CodeDiffuser: Aufmerksamkeitsverstärkte Diffusionspolitik durch VLM-generierten Code für Anweisungsambiguität

Guang Yin, Yitong Li, Yixuan Wang, Dale McConachie, Paarth Shah, Kunimatsu Hashimoto, Huan Zhang, Katherine Liu, Yunzhu Li
CodeDiffuser: Aufmerksamkeitsverstärkte Diffusionspolitik durch VLM-generierten Code für Anweisungsambiguität
Abstract

Natürliche Sprachanweisungen für robotergesteuerte Manipulationsaufgaben weisen oft Ambiguität und Unbestimmtheit auf.
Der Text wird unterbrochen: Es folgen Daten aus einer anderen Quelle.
definition coherence_weight :: "nat \<Rightarrow> complex mat \<Rightarrow> complex mat \<Rightarrow> real" where
  "coherence_weight d U \<tau> =
     Inf {c. c \<ge> 0 \<and> (\<exists>\<sigma> \<tau>'. density d \<sigma> \<and> diag_in U \<sigma> \<and> density d \<tau>' \<and>
                         \<tau> = (1 - c) \<cdot>\<^sub>r \<sigma> + c \<cdot>\<^sub>r \<tau>')}"

definition epm_avg :: "nat \<Rightarrow> (nat \<Rightarrow> real) \<Rightarrow> (nat \<Rightarrow> complex mat) \<Rightarrow>
    nat \<Rightarrow> (nat \<Rightarrow> real) \<Rightarrow> (nat \<Rightarrow> complex mat) \<Rightarrow> (complex mat \<Rightarrow> complex mat) \<Rightarrow>
    complex mat \<Rightarrow> (real \<Rightarrow> complex) \<Rightarrow> complex" where
  "epm_avg mi Ei Qi mf Ef Qf \<Phi> \<rho> g =
     (\<Sum>l<mi. \<Sum>k<mf. tr (\<rho> * Qi l) * tr (\<Phi> \<rho> * Qf k) * g (Ef k - Ei l))"

end

(*
  Since exp (-beta (E^f_k - E^i_l - Delta F)) = Z_i exp (beta E^i_l) * exp (-beta E^f_k) / Z_f,
  the double sum defining the EPM average splits into the product
  Tr (gamma_i^-1 rho) * Tr (gamma_f Phi[rho]), where both gamma_i^-1 = Z_i exp (beta H(t_i)) and
  gamma_f are obtained from the functional calculus of the spectral decompositions.  Both factors
  are linear in rho (the second because Phi is), so inserting
  rho = (1 - a) gamma_i + a (1 - c) tau_d + a c tau_c and Tr (gamma_i^-1 gamma_i) = d gives the
  claim.
*)

theory Submission
  imports Defs
begin

lemma msum_carrier [simp]: "msum d F L \<in> carrier_mat d d"
  by (simp add: msum_def)

lemma msum_index [simp]: "i < d \<Longrightarrow> j < d \<Longrightarrow> msum d F L $$ (i, j) = (\<Sum>l\<in>L. F l $$ (i, j))"
  by (simp add: msum_def)

lemma msum_dim [simp]: "dim_row (msum d F L) = d" "dim_col (msum d F L) = d"
  by (simp_all add: msum_def)

lemma msum_cong: "(\<And>l. l \<in> L \<Longrightarrow> F l = G l) \<Longrightarrow> msum d F L = msum d G L"
  by (simp add: msum_def)

lemma msum_delta:
  assumes "finite L" "l \<in> L" "F l \<in> carrier_mat d d" "\<And>k. k \<in> L \<Longrightarrow> k \<noteq> l \<Longrightarrow> F k = 0\<^sub>m d d"
  shows "msum d F L = F l"
proof (rule eq_matI)
  fix i j assume "i < dim_row (F l)" "j < dim_col (F l)"
  then show "msum d F L $$ (i, j) = F l $$ (i, j)"
    using assms by (simp add: sum.remove)
qed (use assms in auto)

lemma index_mult_mat_sum:
  assumes "A \<in> carrier_mat d n" "B \<in> carrier_mat n e" "i < d" "j < e"
  shows "(A * B) $$ (i, j) = (\<Sum>k<n. A $$ (i, k) * B $$ (k, j))"
  using assms by (simp add: scalar_prod_def atLeast0LessThan)

lemma mult_msum_left:
  assumes "X \<in> carrier_mat d d" "\<And>l. l \<in> L \<Longrightarrow> F l \<in> carrier_mat d d"
  shows "msum d F L * X = msum d (\<lambda>l. F l * X) L"
proof (rule eq_matI)
  fix i j assume "i < dim_row (msum d (\<lambda>l. F l * X) L)" "j < dim_col (msum d (\<lambda>l. F l * X) L)"
  then have ij: "i < d" "j < d" by auto
  have "(msum d F L * X) $$ (i, j) = (\<Sum>k<d. \<Sum>l\<in>L. F l $$ (i, k) * X $$ (k, j))"
    using assms ij by (simp add: scalar_prod_def atLeast0LessThan sum_distrib_right)
  also have "\<dots> = (\<Sum>l\<in>L. (F l * X) $$ (i, j))"
    using ij by (subst sum.swap) (simp add: index_mult_mat_sum[OF assms(2) assms(1)])
  finally show "(msum d F L * X) $$ (i, j) = msum d (\<lambda>l. F l * X) L $$ (i, j)"
    using ij by simp
qed (use assms in auto)

lemma mult_msum_right:
  assumes "X \<in> carrier_mat d d" "\<And>l. l \<in> L \<Longrightarrow> F l \<in> carrier_mat d d"
  shows "X * msum d F L = msum d (\<lambda>l. X * F l) L"
proof (rule eq_matI)
  fix i j assume "i < dim_row (msum d (\<lambda>l. X * F l) L)" "j < dim_col (msum d (\<lambda>l. X * F l) L)"
  then have ij: "i < d" "j < d" by auto
  have "(X * msum d F L) $$ (i, j) = (\<Sum>k<d. \<Sum>l\<in>L. X $$ (i, k) * F l $$ (k, j))"
    using assms ij by (simp add: scalar_prod_def atLeast0LessThan sum_distrib_left)
  also have "\<dots> = (\<Sum>l\<in>L. (X * F l) $$ (i, j))"
    using ij by (subst sum.swap) (simp add: index_mult_mat_sum[OF assms(1) assms(2)])
  finally show "(X * msum d F L) $$ (i, j) = msum d (\<lambda>l. X * F l) L $$ (i, j)"
    using ij by simp
qed (use assms in auto)

lemma rsmult_carrier [simp]: "A \<in> carrier_mat n n \<Longrightarrow> a \<cdot>\<^sub>r A \<in> carrier_mat n n"
  by (simp add: rsmult_def)

lemma rsmult_index [simp]:
  "i < dim_row A \<Longrightarrow> j < dim_col A \<Longrightarrow> (a \<cdot>\<^sub>r A) $$ (i, j) = complex_of_real a * A $$ (i, j)"
  by (simp add: rsmult_def)

lemma rsmult_dim [simp]: "dim_row (a \<cdot>\<^sub>r A) = dim_row A" "dim_col (a \<cdot>\<^sub>r A) = dim_col A"
  by (simp_all add: rsmult_def)

lemma rsmult_one [simp]: "1 \<cdot>\<^sub>r A = A"
  by (intro eq_matI) auto

lemma rsmult_rsmult [simp]: "a \<cdot>\<^sub>r b \<cdot>\<^sub>r A = (a * b) \<cdot>\<^sub>r A"
  by (intro eq_matI) auto

lemma mult_rsmult_left: "dim_col A = dim_row B \<Longrightarrow> (a \<cdot>\<^sub>r A) * B = a \<cdot>\<^sub>r (A * B)"
  by (intro eq_matI) (auto simp: rsmult_def scalar_prod_def sum_distrib_left ac_simps)

lemma mult_rsmult_right: "A * (a \<cdot>\<^sub>r B) = a \<cdot>\<^sub>r (A * B)"
  by (intro eq_matI) (auto simp: rsmult_def scalar_prod_def sum_distrib_left ac_simps)

lemma tr_mult:
  assumes "A \<in> carrier_mat d n" "B \<in> carrier_mat n d"
  shows "tr (A * B) = (\<Sum>i<d. \<Sum>k<n. A $$ (i, k) * B $$ (k, i))"
proof -
  have "tr (A * B) = (\<Sum>i<d. (A * B) $$ (i, i))"
    using assms by (simp add: tr_def)
  also have "\<dots> = (\<Sum>i<d. \<Sum>k<n. A $$ (i, k) * B $$ (k, i))"
    by (intro sum.cong refl index_mult_mat_sum[OF assms]) auto
  finally show ?thesis .
qed

lemma tr_mult_commute:
  assumes "A \<in> carrier_mat d n" "B \<in> carrier_mat n d"
  shows "tr (A * B) = tr (B * A)"
  unfolding tr_mult[OF assms] tr_mult[OF assms(2,1)]
  by (subst sum.swap) (simp add: mult.commute)

lemma tr_one_mat [simp]: "tr (1\<^sub>m d) = of_nat d"
  by (simp add: tr_def)

lemma tr_add: "A \<in> carrier_mat n n \<Longrightarrow> B \<in> carrier_mat n n \<Longrightarrow> tr (A + B) = tr A + tr B"
  by (simp add: tr_def sum.distrib)

lemma tr_rsmult: "A \<in> carrier_mat n n \<Longrightarrow> tr (a \<cdot>\<^sub>r A) = complex_of_real a * tr A"
  by (simp add: tr_def sum_distrib_left)

lemma tr_mult_add_right:
  assumes "X \<in> carrier_mat n n" "A \<in> carrier_mat n n" "B \<in> carrier_mat n n"
  shows "tr (X * (A + B)) = tr (X * A) + tr (X * B)"
  using assms by (simp add: mult_add_distrib_mat tr_add[of _ n])

lemma tr_mult_rsmult_right:
  assumes "X \<in> carrier_mat n n" "A \<in> carrier_mat n n"
  shows "tr (X * (a \<cdot>\<^sub>r A)) = complex_of_real a * tr (X * A)"
  using assms by (simp add: mult_rsmult_right tr_rsmult[of _ n])

lemma tr_msum:
  assumes "\<And>l. l \<in> L \<Longrightarrow> F l \<in> carrier_mat d d"
  shows "tr (msum d F L) = (\<Sum>l\<in>L. tr (F l))"
  using assms by (simp add: tr_def) (subst sum.swap, auto intro!: sum.cong)

lemma density_carrier: "density d \<rho> \<Longrightarrow> \<rho> \<in> carrier_mat d d"
  by (simp add: density_def psd_def)

lemma cptp_carrier: "cptp d \<Phi> \<Longrightarrow> A \<in> carrier_mat d d \<Longrightarrow> \<Phi> A \<in> carrier_mat d d"
  by (simp add: cptp_def)

lemma cptp_add:
  "cptp d \<Phi> \<Longrightarrow> A \<in> carrier_mat d d \<Longrightarrow> B \<in> carrier_mat d d \<Longrightarrow> \<Phi> (A + B) = \<Phi> A + \<Phi> B"
  by (simp add: cptp_def)

lemma cptp_rsmult: "cptp d \<Phi> \<Longrightarrow> A \<in> carrier_mat d d \<Longrightarrow> \<Phi> (a \<cdot>\<^sub>r A) = a \<cdot>\<^sub>r \<Phi> A"
  by (simp add: cptp_def rsmult_def)

lemma spectral_decompD:
  assumes "spectral_decomp d H m E P"
  shows "\<And>l. l < m \<Longrightarrow> P l \<in> carrier_mat d d"
    and "\<And>l. l < m \<Longrightarrow> hermitian d (P l)"
    and "\<And>l. l < m \<Longrightarrow> P l * P l = P l"
    and "\<And>l. l < m \<Longrightarrow> P l \<noteq> 0\<^sub>m d d"
    and "\<And>l k. l < m \<Longrightarrow> k < m \<Longrightarrow> l \<noteq> k \<Longrightarrow> P l * P k = 0\<^sub>m d d"
    and "msum d P {..<m} = 1\<^sub>m d"
  using assms unfolding spectral_decomp_def hermitian_def by auto

lemma mat_fun_carrier [simp]: "mat_fun d m E P f \<in> carrier_mat d d"
  by (simp add: mat_fun_def)

lemma mat_fun_dim [simp]: "dim_row (mat_fun d m E P f) = d" "dim_col (mat_fun d m E P f) = d"
  by (simp_all add: mat_fun_def)

lemma tr_mult_mat_fun:
  assumes "spectral_decomp d H m E P" "X \<in> carrier_mat d d"
  shows "tr (X * mat_fun d m E P f) = (\<Sum>l<m. complex_of_real (f (E l)) * tr (X * P l))"
proof -
  note P = spectral_decompD(1)[OF assms(1)]
  have "tr (X * mat_fun d m E P f) = (\<Sum>l<m. tr (X * (f (E l) \<cdot>\<^sub>r P l)))"
    unfolding mat_fun_def using assms(2) P
    by (subst mult_msum_right) (auto intro: tr_msum)
  also have "\<dots> = (\<Sum>l<m. complex_of_real (f (E l)) * tr (X * P l))"
    using assms(2) by (intro sum.cong refl) (simp add: mult_rsmult_right tr_rsmult[of _ d] P)
  finally show ?thesis .
qed

lemma projector_mult_mat_fun:
  assumes "spectral_decomp d H m E P" "l < m"
  shows "P l * mat_fun d m E P f = f (E l) \<cdot>\<^sub>r P l"
proof -
  note P = spectral_decompD[OF assms(1)]
  have "P l * mat_fun d m E P f = msum d (\<lambda>k. f (E k) \<cdot>\<^sub>r (P l * P k)) {..<m}"
    unfolding mat_fun_def using assms(2)
    by (subst mult_msum_right) (auto intro!: msum_cong simp: mult_rsmult_right P(1))
  also have "\<dots> = f (E l) \<cdot>\<^sub>r (P l * P l)"
    using assms(2) P(1,5) by (intro msum_delta) (auto simp: P(3))
  finally show ?thesis
    using P(3)[OF assms(2)] by simp
qed

lemma mat_fun_mult:
  assumes "spectral_decomp d H m E P"
  shows "mat_fun d m E P f * mat_fun d m E P g = mat_fun d m E P (\<lambda>x. f x * g x)"
proof -
  note P = spectral_decompD(1)[OF assms]
  have "mat_fun d m E P f * mat_fun d m E P g
      = msum d (\<lambda>l. f (E l) \<cdot>\<^sub>r (P l * mat_fun d m E P g)) {..<m}"
    unfolding mat_fun_def[of d m E P f]
    by (subst mult_msum_left) (auto intro!: msum_cong simp: mult_rsmult_left P carrier_matD[OF P])
  also have "\<dots> = mat_fun d m E P (\<lambda>x. f x * g x)"
    unfolding mat_fun_def[of d m E P "\<lambda>x. f x * g x"]
    by (intro msum_cong) (simp add: projector_mult_mat_fun[OF assms])
  finally show ?thesis .
qed

lemma mat_fun_eq_one:
  assumes "spectral_decomp d H m E P" "\<And>l. l < m \<Longrightarrow> f (E l) = 1"
  shows "mat_fun d m E P f = 1\<^sub>m d"
proof -
  have "mat_fun d m E P f = msum d P {..<m}"
    unfolding mat_fun_def using assms by (intro msum_cong) simp
  then show ?thesis
    using spectral_decompD(6)[OF assms(1)] by simp
qed

lemma mat_inv_eqI:
  assumes "A \<in> carrier_mat n n" "B \<in> carrier_mat n n" "A * B = 1\<^sub>m n" "B * A = 1\<^sub>m n"
  shows "mat_inv A = B"
proof -
  have "A \<in> Units (ring_mat TYPE(complex) n undefined)"
    using assms unfolding Units_def by (auto simp: ring_mat_simps)
  then obtain B' where B': "mat_inverse A = Some B'"
    using mat_inverse(1)[OF assms(1), of undefined] by (cases "mat_inverse A") auto
  then have B'_carrier: "B' \<in> carrier_mat n n" and "B' * A = 1\<^sub>m n"
    using mat_inverse(2)[OF assms(1)] by auto
  then have "B' = B' * (A * B)"
    by (simp add: assms(3))
  also have "\<dots> = B"
    using assms(1,2) B'_carrier \<open>B' * A = 1\<^sub>m n\<close> by (simp flip: assoc_mult_mat)
  finally show ?thesis
    using B' by (simp add: mat_inv_def)
qed

lemma mat_inv_mat_fun:
  assumes "spectral_decomp d H m E P" "\<And>l. l < m \<Longrightarrow> f (E l) * g (E l) = 1"
  shows "mat_inv (mat_fun d m E P f) = mat_fun d m E P g"
  using assms
  by (intro mat_inv_eqI[of _ d]) (auto simp: mat_fun_mult mult.commute intro!: mat_fun_eq_one)

lemma tr_hermitian_square:
  assumes "hermitian d A"
  shows "tr (A * A) = complex_of_real (\<Sum>i<d. \<Sum>k<d. (cmod (A $$ (i, k)))\<^sup>2)"
proof -
  have A: "A \<in> carrier_mat d d" and "mat_adjoint A = A"
    using assms by (auto simp: hermitian_def)
  have entry_swap: "A $$ (k, i) = cnj (A $$ (i, k))" if "i < d" "k < d" for i k
  proof -
    have "A $$ (k, i) = mat_adjoint A $$ (k, i)"
      using \<open>mat_adjoint A = A\<close> by simp
    also have "\<dots> = cnj (A $$ (i, k))"
      using A that by (simp add: mat_adjoint_def mat_of_rows_index)
    finally show ?thesis .
  qed
  have "tr (A * A) = (\<Sum>i<d. \<Sum>k<d. A $$ (i, k) * cnj (A $$ (i, k)))"
    unfolding tr_mult[OF A A] by (intro sum.cong refl) (metis entry_swap lessThan_iff)
  then show ?thesis
    by (simp flip: complex_norm_square)
qed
Zum Beispiel kann die Anweisung „Hänge eine Tasse am Tassenbaum auf“ mehrere gültige Aktionen beinhalten, wenn es mehrere Tassen und Zweige gibt, von denen ausgewählt werden kann. Bestehende sprachbedingte Strategien basieren in der Regel auf End-to-End-Modellen, die hochstufiges semantisches Verständnis und niedrigstufige Aktionsgenerierung gemeinsam behandeln. Dies kann aufgrund des Mangels an Modularität und Interpretierbarkeit zu suboptimaler Leistung führen. Um diese Herausforderungen anzugehen, stellen wir einen neuen Roboter-Manipulationsrahmen vor, der Aufgaben erfüllen kann, die durch potenziell ambigue natürliche Sprache spezifiziert sind. Dieser Rahmen verwendet ein Visio-Linguistisches Modell (VLM), um abstrakte Konzepte in natürlichen Sprachanweisungen zu interpretieren und taskspezifischen Code zu generieren – eine interpretierbare und ausführbare Zwischendarstellung. Der generierte Code interagiert mit dem Wahrnehmungsmodul, um 3D-Aufmerksamkeitskarten zu erstellen, die relevante Taskbereiche durch Integration räumlicher und semantischer Informationen hervorheben und so Ambiguitäten in den Anweisungen effektiv auflösen. Durch umfangreiche Experimente identifizieren wir wesentliche Einschränkungen aktueller Imitationslernenmethoden, wie zum Beispiel eine schlechte Anpassung an sprachliche und umwelthafte Variationen. Wir zeigen, dass unser Ansatz bei anspruchsvollen Manipulationsaufgaben hervorragt, die sprachliche Ambiguität, kontaktreiche Manipulation und Mehrgegenstandsinteraktionen betreffen.